Вальтер Беньямин писал: «Авторитет смерти стоял у колыбели искусства рассказа»… «Смерть — это разрешение рассказать обо всем. Смерть одолжила рассказчику свой авторитет»14. Смерть — свойство дискурсивности и повествовательности, потому что она выводит за пределы существования, в мир всеобщности и атопизма. Это переход в мир платоновских идей, диаграмматических теней. Исчезновение опыта смерти из нашей действительности Беньямин однозначно связывал с ослаблением искусства рассказа, повествования.

14 Беньямин В. Озарения. М.: Мартис, 2000. С. 354.

В 1933 году Йозеф Рот написал одну из своих наиболее оригинальных книг «Антихрист» — развернутое философское эссе о кризисе современности. Кинематограф занимает в этой книге центральное место. Рот начинает с наблюдения, согласно которому актеры в жизни выступают лишь как тени и двойники своих экранных созданий. Эта ситуация представляется писателю знаком глубокой трансформации культуры, превращающей людей в копии и тени своих собственных теней. Парадокс ситуации в том, что раньше смерть человека влекла за собой исчезновение его тени. Сейчас же человек умирает, а его двойник остается жить вечно:

Иными словами, некоторые люди жили не как люди, но как тени, а потому не могут умереть. Они не могут умереть потому, что никогда не жили. Они — тени. Они более или менее сознательно стали тенями. Они продали свои тени за деньги и сказали, что это не тени, но в действительности они сами. И они продали не только свои жизни; они продали и свои смерти. ‹…› Они не только были тенями всю свою жизнь, они остались тенями после своей смерти15.

15 Roth J. The Antichrist. London; Chester Springs, 2010. P. 41.

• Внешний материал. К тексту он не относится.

lemma derivative_along_orbit:
  fixes G :: "complex^'n \<Rightarrow> complex"
  assumes G: "(G has_derivative G') (at z)"
    and \<psi>: "(\<psi> has_derivative \<psi>') (at 1)" "\<psi> 1 = 1"
    and orbit: "\<forall>c. c \<noteq> 0 \<longrightarrow> \<psi> c * G (c *s z) = G z"
  shows "\<psi>' \<delta> * G z + G' (\<delta> *s z) = 0"
proof -
  have orbit_map: "((\<lambda>c. G (c *s z)) has_derivative (\<lambda>\<delta>. G' (\<delta> *s z))) (at 1)"
    using has_derivative_compose[OF bounded_linear_imp_has_derivative
        [OF bounded_linear_vector_scalar_mult_left], of G] G by simp
  then have "((\<lambda>c. \<psi> c * G (c *s z)) has_derivative (\<lambda>\<delta>. \<psi>' \<delta> * G z + G' (\<delta> *s z))) (at 1)"
    using has_derivative_mult[OF \<psi>(1) orbit_map] by (simp add: \<psi>(2) add.commute)
  moreover have "((\<lambda>c. \<psi> c * G (c *s z)) has_derivative (\<lambda>_. 0)) (at 1)"
    by (rule has_derivative_transform_within_open[of "\<lambda>_. G z" _ _ _ "UNIV - {0}"])
      (use orbit in auto)
  ultimately have "(\<lambda>\<delta>. \<psi>' \<delta> * G z + G' (\<delta> *s z)) = (\<lambda>_. 0)"
    by (rule has_derivative_unique)
  then show ?thesis
    by (simp add: fun_eq_iff)
qed

lemma derivative_of_scale_invariant:
  fixes G :: "complex^'n \<Rightarrow> 'b::real_normed_vector"
  assumes "open S" "z \<in> S" "\<forall>w\<in>S. G (c *s w) = G w"
    and "(G has_derivative D) (at z)" and "(G has_derivative D') (at (c *s z))"
  shows "D' (c *s v) = D v"
proof -
  have "((\<lambda>w. G (c *s w)) has_derivative (\<lambda>v. D' (c *s v))) (at z)"
    using has_derivative_compose[OF bounded_linear_imp_has_derivative
        [OF bounded_linear_vector_scalar_mult_right] assms(5)] .
  moreover have "((\<lambda>w. G (c *s w)) has_derivative D) (at z)"
    by (rule has_derivative_transform_within_open[OF assms(4,1,2)]) (use assms(3) in auto)
  ultimately have "(\<lambda>v. D' (c *s v)) = D"
    by (rule has_derivative_unique)
  then show ?thesis
    by (simp add: fun_eq_iff)
qed

lemma wirt_eq:
  assumes "(G has_derivative G') (at z)"
  shows "wirt j G z = (G' (axis j 1) - \<i> * G' (axis j \<i>)) / 2"
  using frechet_derivative_at[OF assms] by (simp add: wirt_def)

lemma wirt_bar_eq:
  assumes "(G has_derivative G') (at z)"
  shows "wirt_bar j G z = (G' (axis j 1) + \<i> * G' (axis j \<i>)) / 2"
  using frechet_derivative_at[OF assms] by (simp add: wirt_bar_def)
(* Let $\Sigma$ be a set containing $0$, $(\Gamma,\oplus)$ an abelian group, and $f:\Sigma^n\to\Gamma$. Suppose $f(\bar x)=\bigoplus_{i=1}^k f_i(\bar x_{K_i})=\bigoplus_{j=1}^l g_j(\bar x_{L_j})$ for all $\bar x\in\Sigma^n$, where $\{K_1,\ldots,K_k\}$ and $\{L_1,\ldots,L_l\}$ are partitions of $[n]$ into nonempty sets and every $f_i$ and every $g_j$ has non-separable arguments. Then $\{K_1,\ldots,K_k\}=\{L_1,\ldots,L_l\}$ (so $k=l$), and whenever $K_i=L_j$ the function $f_i\ominus g_j$ is constant.
   Context: $[n]=\{1,\ldots,n\}$; for $M=\{i_1<\cdots<i_m\}\subseteq[n]$ and $\bar x=(x_1,\ldots,x_n)$, $\bar x_M=(x_{i_1},\ldots,x_{i_m})$. A function $h:\Sigma^m\to\Gamma$ has $P$-separable arguments (for a partition $P=\{P_1,\ldots,P_p\}$ of $[m]$ into nonempty sets) if there exist functions $h_j:\Sigma^{|P_j|}\to\Gamma$ with $h(\bar x)=h_1(\bar x_{P_1})\oplus\cdots\oplus h_p(\bar x_{P_p})$ for all $\bar x$; $h$ has non-separable arguments if $h$ has $P$-separable arguments only for the one-block partition $P=\{[m]\}$. *)

theory Defs
  imports Main "HOL-Library.Disjoint_Sets"
begin

text \<open>Tuples in Sigma^m are lists of length m with entries in the carrier S.
  Coordinates are numbered 1..m.\<close>

definition tuples :: "'a set \<Rightarrow> nat \<Rightarrow> 'a list set" where
  "tuples S m = {xs. length xs = m \<and> set xs \<subseteq> S}"

definition restr :: "'a list \<Rightarrow> nat set \<Rightarrow> 'a list" where
  "restr xs M = map (\<lambda>i. xs ! (i - 1)) (sorted_list_of_set M)"

definition sep_args ::
  "'a set \<Rightarrow> nat \<Rightarrow> ('a list \<Rightarrow> 'g::comm_monoid_add) \<Rightarrow> nat set set \<Rightarrow> bool" where
  "sep_args S m h P \<longleftrightarrow> partition_on {1..m} P \<and>
     (\<exists>hs :: nat set \<Rightarrow> 'a list \<Rightarrow> 'g.
        \<forall>xs \<in> tuples S m. h xs = (\<Sum>B\<in>P. hs B (restr xs B)))"

definition non_sep_args ::
  "'a set \<Rightarrow> nat \<Rightarrow> ('a list \<Rightarrow> 'g::comm_monoid_add) \<Rightarrow> bool" where
  "non_sep_args S m h \<longleftrightarrow> (\<forall>P. sep_args S m h P \<longrightarrow> P = {{1..m}})"

end

theory Submission
  imports Defs
begin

В своих рассуждениях Рот сосредоточивается на документальном фильме времен русско-японской войны, в котором были показаны марширующие солдаты. Они маршируют к своей смерти, они обречены стать тенями, но кинокамера, как считает Рот, крадет у них тень по дороге к смерти:

В момент, когда снимали их марш, они еще были живы. Благодаря акту съемки они стали тенями, которыми они должны были стать вскоре после съемки16.

16 Ibid. P. 51.

Эта кража жизни происходит потому, что из мира, обладающего привязанностью к месту и времени, солдаты перемещаются в атопическое время, которое одновременно и вечность, то есть не время вовсе. Для Рота современная культура характеризуется повсеместным распространением утопии, атопизма. Он описывает движение солдат на экране прямо на зрителя, что-то вроде движения в люмьеровском «Прибытии поезда». Движение это сродни взгляду, устремленному в камеру. Это движение описывается в книге как безнадежная попытка:

Первый двойной ряд марширующих солдат уже поднимал свои массивные ноги, чтобы наступить нам на шею, и мы уже в ожидании обрушивания ног начали нырять в сторону. Но тут они исчезли, так, как исчезают тени. Они не могли жить вне экрана. Они достигли максимума того, чего могут достичь тени. Они могли расти, раздуваться до размеров колосса. Но в той же мере, в какой они становились больше, они становились мимолетными и пустыми, и под нависающей угрозой их подкованных сапог начинала обнаруживаться неровная поверхность экрана. Эти колоссы были большими, но при этом пористыми. Появились дыры, яркие дыры посреди их больших тел, и чем более угрожающими они казались, тем более беспомощными они становились. Первая колонна рассеялась в пространстве, потом вторая, третья, четвертая, десятая17.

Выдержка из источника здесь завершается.